* _Task statement_:
Pull out of the data below the stretch of lines bounded by the one containing "with assms(3) have" and the one containing "1) :: nat)) \<and>", both bounds included, unchanged.

*** Opening of Task input ***

lemma atoms_below_top_on:
  assumes "complete_lattice_on L le"
  shows "atoms_below L le (top_on L le) = atoms_on L le"
  using le_top_on[OF assms] atoms_on_subset[of L le] unfolding atoms_below_def by auto

section \<open>Atoms and coatoms of an object of \<open>Cal0Sym\<close>\<close>

abbreviation Cl_coatoms :: "'a set \<Rightarrow> ('a \<Rightarrow> 'a \<Rightarrow> bool) \<Rightarrow> 'a set set" where
  "Cl_coatoms L le \<equiv> Cl L le (coatoms_on L le \<union> {top_on L le})"

lemma atoms_on_in_Cl_coatoms: "complete_lattice_on L le \<Longrightarrow> atoms_on L le \<in> Cl_coatoms L le"
  unfolding Cl_def using atoms_below_top_on by (metis UnI2 image_eqI insertI1)

lemma atoms_below_coatom_in_Cl_coatoms:
  "c \<in> coatoms_on L le \<Longrightarrow> atoms_below L le c \<in> Cl_coatoms L le"
  unfolding Cl_def by blast

lemma Cl_coatoms_subset_atoms_on: "X \<in> Cl_coatoms L le \<Longrightarrow> X \<subseteq> atoms_on L le"
  unfolding Cl_def atoms_below_def by blast

lemma Cl_coatomsE:
  assumes "Cal0Sym L le" "X \<in> Cl_coatoms L le" "X \<noteq> atoms_on L le"
  obtains c where "c \<in> coatoms_on L le" "X = atoms_below L le c"
proof -
  obtain z where z: "z \<in> coatoms_on L le \<union> {top_on L le}" "X = atoms_below L le z"
    using assms(2) unfolding Cl_def by blast
  with assms(3) have "z \<noteq> top_on L le"
    using atoms_below_top_on[OF Cal0SymD(1)[OF assms(1)]] by metis
  with z that show ?thesis by blast
qed
theorem theorem6p2:
  fixes m l j :: nat
  assumes "m \<ge> 1" and "l \<ge> 1" and "j \<in> {1..m}"
  shows "\<exists>(D::nat) (\<nu>::nat \<Rightarrow> nat).
           D > 0 \<and>
           D = (\<Prod>p\<in>{p. prime p \<and> real p \<le> real (m + 1) / 2}. p ^ \<nu> p) \<and>
           (\<forall>p. prime p \<and> real p \<le> real (m + 1) / 2 \<longrightarrow>
               \<nu> p \<ge> (j div p + (m - j) div p) * multiplicity p (fact (l - 1) :: nat)) \<and>
           (\<forall>k\<in>{0..m}. \<forall>n. coeff (Bstar m l k j) n / of_nat D \<in> \<int>)"
proof -
  define P where "P = {p. prime p \<and> real p \<le> real (m + 1) / 2}"
  define \<nu> where "\<nu> p = (j div p + (m - j) div p) * multiplicity p (fact (l - 1) :: nat)" for p
  define D where "D = (\<Prod>p\<in>P. p ^ \<nu> p)"
  have "D > 0" unfolding D_def P_def by (intro prod_pos) (auto simp: prime_gt_0_nat)
  have integral: "coeff (Bstar m l k j) n / of_nat D \<in> \<int>" for k n
  proof (cases "n \<le> bigL m l")
    case True
    define i where "i = bigL m l - n"
    have "dvd_fact_coeffs (fact (l - 1) * int D) (sigma_poly m l k j)"
      unfolding D_def \<nu>_def
      using assms(3) by (intro dvd_fact_coeffs_sigma_poly_primes) (auto simp: P_def)
    then have "int (fact (l - 1) * D) dvd fact i * sigma m l k j i"
      by (simp add: dvd_fact_coeffs_def sigma_def)
    then obtain c where c: "fact i * sigma m l k j i = int (fact (l - 1) * D) * c" ..
    have "coeff (Bstar m l k j) n / of_nat D
            = of_int (fact i * sigma m l k j i) / fact (l - 1) / of_nat D"
      using True by (simp add: coeff_Bstar i_def)
    also have "\<dots> = of_int c"
      unfolding c using \<open>D > 0\<close> by (simp add: field_simps)
    finally have "coeff (Bstar m l k j) n / of_nat D = of_int c" .
    then show ?thesis by simp
  qed (simp add: coeff_Bstar)
  show ?thesis
    by (rule exI[of _ D], rule exI[of _ \<nu>])
       (use \<open>D > 0\<close> integral in \<open>auto simp: D_def P_def \<nu>_def\<close>)
qed

end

*** Close of Task input ***

* _Task result_:
  with assms(3) have "z \<noteq> top_on L le"
    using atoms_below_top_on[OF Cal0SymD(1)[OF assms(1)]] by metis
  with z that show ?thesis by blast
qed
theorem theorem6p2:
  fixes m l j :: nat
  assumes "m \<ge> 1" and "l \<ge> 1" and "j \<in> {1..m}"
  shows "\<exists>(D::nat) (\<nu>::nat \<Rightarrow> nat).
           D > 0 \<and>
           D = (\<Prod>p\<in>{p. prime p \<and> real p \<le> real (m + 1) / 2}. p ^ \<nu> p) \<and>
           (\<forall>p. prime p \<and> real p \<le> real (m + 1) / 2 \<longrightarrow>
               \<nu> p \<ge> (j div p + (m - j) div p) * multiplicity p (fact (l - 1) :: nat)) \<and>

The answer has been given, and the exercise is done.